At that point, having finally moved past their differences, the three of them go into Vincent’s room for the first time as a trio. He responds to their presence and, as best he can, asks them to bring him out to the living room so he can sit in his recliner.

In some stories, there comes a point where the limitations of reality run up against the need to express something, and reality, however briefly, loses. That moment in The Worst Person in the World when Julie, about to break up with her boyfriend, flicks the kitchen light switch and spends an entire imaginary day elsewhere. The ballet at the end of La La Land, when Seb and Mia play out the decade they could have had together if only they’d been different people. These are, unfailingly, my favorite pieces of storytelling.
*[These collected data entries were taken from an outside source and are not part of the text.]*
lemma gaps_le_insert_Suc:
  assumes "gaps_le d C" "d \<ge> 1" "z \<in> C" "Suc z \<notin> C"
  shows "gaps_le d (insert (Suc z) C)"
  unfolding gaps_le_def
proof (intro ballI impI)
  fix x w assume x: "x \<in> insert (Suc z) C" and w: "w \<in> insert (Suc z) C" and "x < w"
  show "\<exists>y\<in>insert (Suc z) C. x < y \<and> y \<le> w \<and> y \<le> x + d"
  proof (cases "x = Suc z")
    case True
    then have "w \<in> C" "z < w" using w \<open>x < w\<close> by auto
    then obtain y where y: "y \<in> C" "z < y" "y \<le> w" "y \<le> z + d"
      using assms(1,3) unfolding gaps_le_def by blast
    then have "Suc z < y" using assms(4) by (metis Suc_lessI)
    then show ?thesis using y True by (intro bexI[of _ y]) auto
  next
    case False
    then have "x \<in> C" using x by auto
    show ?thesis
    proof (cases "w \<in> C")
      case True
      then show ?thesis using assms(1) \<open>x \<in> C\<close> \<open>x < w\<close> unfolding gaps_le_def by blast
    next
      case False
      then have "w = Suc z" using w by auto
      show ?thesis
      proof (cases "x = z")
        case True
        then show ?thesis using \<open>w = Suc z\<close> assms(2) by auto
      next
        case False
        then have "x < z" using \<open>x < w\<close> \<open>w = Suc z\<close> by auto
        then obtain y where "y \<in> C" "x < y" "y \<le> z" "y \<le> x + d"
          using assms(1,3) \<open>x \<in> C\<close> unfolding gaps_le_def by blast
        then show ?thesis using \<open>w = Suc z\<close> by auto
      qed
    qed
  qed
qed

lemma gaps_le_insert_below:
  assumes "gaps_le d C" "d \<ge> 1" "\<forall>c\<in>C. a < c" "Suc a \<in> C"
  shows "gaps_le d (insert a C)"
  unfolding gaps_le_def
proof (intro ballI impI)
  fix x w assume x: "x \<in> insert a C" and w: "w \<in> insert a C" and "x < w"
  show "\<exists>y\<in>insert a C. x < y \<and> y \<le> w \<and> y \<le> x + d"
  proof (cases "x = a")
    case True
    then have "Suc a \<le> w" using w \<open>x < w\<close> assms(3) by fastforce
    then show ?thesis using True assms(2,4) by (intro bexI[of _ "Suc a"]) auto
  next
    case False
    then have "x \<in> C" "w \<in> C" using x w \<open>x < w\<close> assms(3) by auto
    then show ?thesis using assms(1) \<open>x < w\<close> unfolding gaps_le_def by blast
  qed
qed

lemma gaps_le_Un:
  assumes "gaps_le d C1" "gaps_le d C2" "b \<in> C1" "b \<in> C2" "\<forall>x\<in>C1. x \<le> b" "\<forall>x\<in>C2. b \<le> x"
  shows "gaps_le d (C1 \<union> C2)"
  unfolding gaps_le_def
proof (intro ballI impI)
  fix x w assume x: "x \<in> C1 \<union> C2" and w: "w \<in> C1 \<union> C2" and "x < w"
  show "\<exists>y\<in>C1 \<union> C2. x < y \<and> y \<le> w \<and> y \<le> x + d"
  proof (cases "x \<in> C2")
    case True
    then have "w \<in> C2" using w \<open>x < w\<close> assms(5,6) by force
    then show ?thesis using assms(2) True \<open>x < w\<close> unfolding gaps_le_def by blast
  next
    case False
    then have "x \<in> C1" "x < b" using x assms(3-5) by (auto simp: order.order_iff_strict)
    show ?thesis
    proof (cases "w \<in> C1")
      case True
      then show ?thesis using assms(1) \<open>x \<in> C1\<close> \<open>x < w\<close> unfolding gaps_le_def by blast
    next
      case False
      then have "b \<le> w" using w assms(6) by auto
      obtain y where "y \<in> C1" "x < y" "y \<le> b" "y \<le> x + d"
        using assms(1,3) \<open>x \<in> C1\<close> \<open>x < b\<close> unfolding gaps_le_def by blast
      then show ?thesis using \<open>b \<le> w\<close> by auto
    qed
  qed
qed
In His Three Daughters, that point comes when Vincent stands up from his recliner, goes into the kitchen, and opens himself a beer.
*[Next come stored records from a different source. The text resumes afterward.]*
lemma locally_lipschitz_imp_lipschitz_on_compact:
  assumes "locally_lipschitz g" "compact S"
  obtains K where "K-lipschitz_on S g"
proof -
  have "local_lipschitz {0::real} S (\<lambda>_. g)"
  proof (rule local_lipschitzI)
    fix y
    obtain e L where "e > 0" and L: "\<forall>u\<in>ball y e. \<forall>v\<in>ball y e. dist (g u) (g v) \<le> L * dist u v"
      using assms(1) unfolding locally_lipschitz_def by metis
    have "(max L 0)-lipschitz_on (cball y (e / 2) \<inter> S) g"
    proof (rule lipschitz_onI)
      fix u v
      assume "u \<in> cball y (e / 2) \<inter> S" "v \<in> cball y (e / 2) \<inter> S"
      then have "dist (g u) (g v) \<le> L * dist u v"
        using L \<open>e > 0\<close> by simp
      also have "\<dots> \<le> max L 0 * dist u v"
        by (intro mult_right_mono) auto
      finally show "dist (g u) (g v) \<le> max L 0 * dist u v" .
    qed simp
    then show "\<exists>u>0. \<exists>L. \<forall>t\<in>cball t u \<inter> {0}. L-lipschitz_on (cball y u \<inter> S) g" for t :: real
      using \<open>e > 0\<close> by (intro exI[of _ "e / 2"]) auto
  qed
  then obtain K where "\<And>t. t \<in> {0::real} \<Longrightarrow> K-lipschitz_on S g"
    by (rule local_lipschitz_compact_implies_lipschitz[OF _ assms(2)]) auto
  with that show ?thesis
    by blast
qed

section \<open>Opial's lemma\<close>

lemma bounded_unique_cluster_point_imp_LIMSEQ:
  fixes x :: "nat \<Rightarrow> 'a::heine_borel"
  assumes bounded: "bounded (range x)"
    and unique: "\<And>r q. strict_mono r \<Longrightarrow> (x \<circ> r) \<longlonglongrightarrow> q \<Longrightarrow> q = p"
  shows "x \<longlonglongrightarrow> p"
proof (rule ccontr)
  assume "\<not> x \<longlonglongrightarrow> p"
  then obtain e where "e > 0" and "\<not> eventually (\<lambda>n. dist (x n) p < e) sequentially"
    unfolding tendsto_iff by blast
  then have "infinite {n. e \<le> dist (x n) p}"
    by (simp add: not_eventually not_less flip: cofinite_eq_sequentially frequently_cofinite)
  then obtain r :: "nat \<Rightarrow> nat" where r: "strict_mono r" "\<And>n. e \<le> dist (x (r n)) p"
    using infinite_enumerate by blast
  have "bounded (range (x \<circ> r))"
    using bounded by (rule bounded_subset) auto
  then obtain q r' where r': "strict_mono r'" and q: "((x \<circ> r) \<circ> r') \<longlonglongrightarrow> q"
    using bounded_imp_convergent_subsequence by blast
  have "e \<le> dist q p"
    using q r(2) unfolding o_def
    by (intro LIMSEQ_le_const[where X = "\<lambda>n. dist (x (r (r' n))) p"]) (auto intro!: tendsto_intros)
  moreover have "q = p"
    using unique[OF strict_mono_o[OF r(1) r']] q by (simp add: o_assoc)
  ultimately show False
    using \<open>e > 0\<close> by simp
qed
At that point, Jay O. Sanders delivers a wonderful monologue. You can always tell when a theatre actor knows they’ve been given a good piece of meat to bite into. He winds up by getting the beer, and then he uncorks. He speaks directly to each of his children, speaking to the hearts of their disagreements and insecurities. He tells them how much he loves them, how much he loved their mothers, and tells them the story of the first woman he ever loved. It’s all wonderful, beautifully acted and emotionally gripping.

As the monologue ends, Vincent leans against the apartment window and looks over to his chair, where he sits dying. His daughters are crying against him. He has, of course, said none of what we just heard. He makes and holds direct eye contact with himself. It seems to me that in his final moments he has imagined all of this, saying the things he never got to. Katie and Rachel are on their own to figure out why they get along like oil and water. Christina will never know why she didn’t get the sense of family that she needed. No person alive will ever again know the story of the first woman he loved. “We really don’t know who people are until after they’re gone” is nonsense. You have to tell people who you are and who they are now, while you’re here, before it’s too late.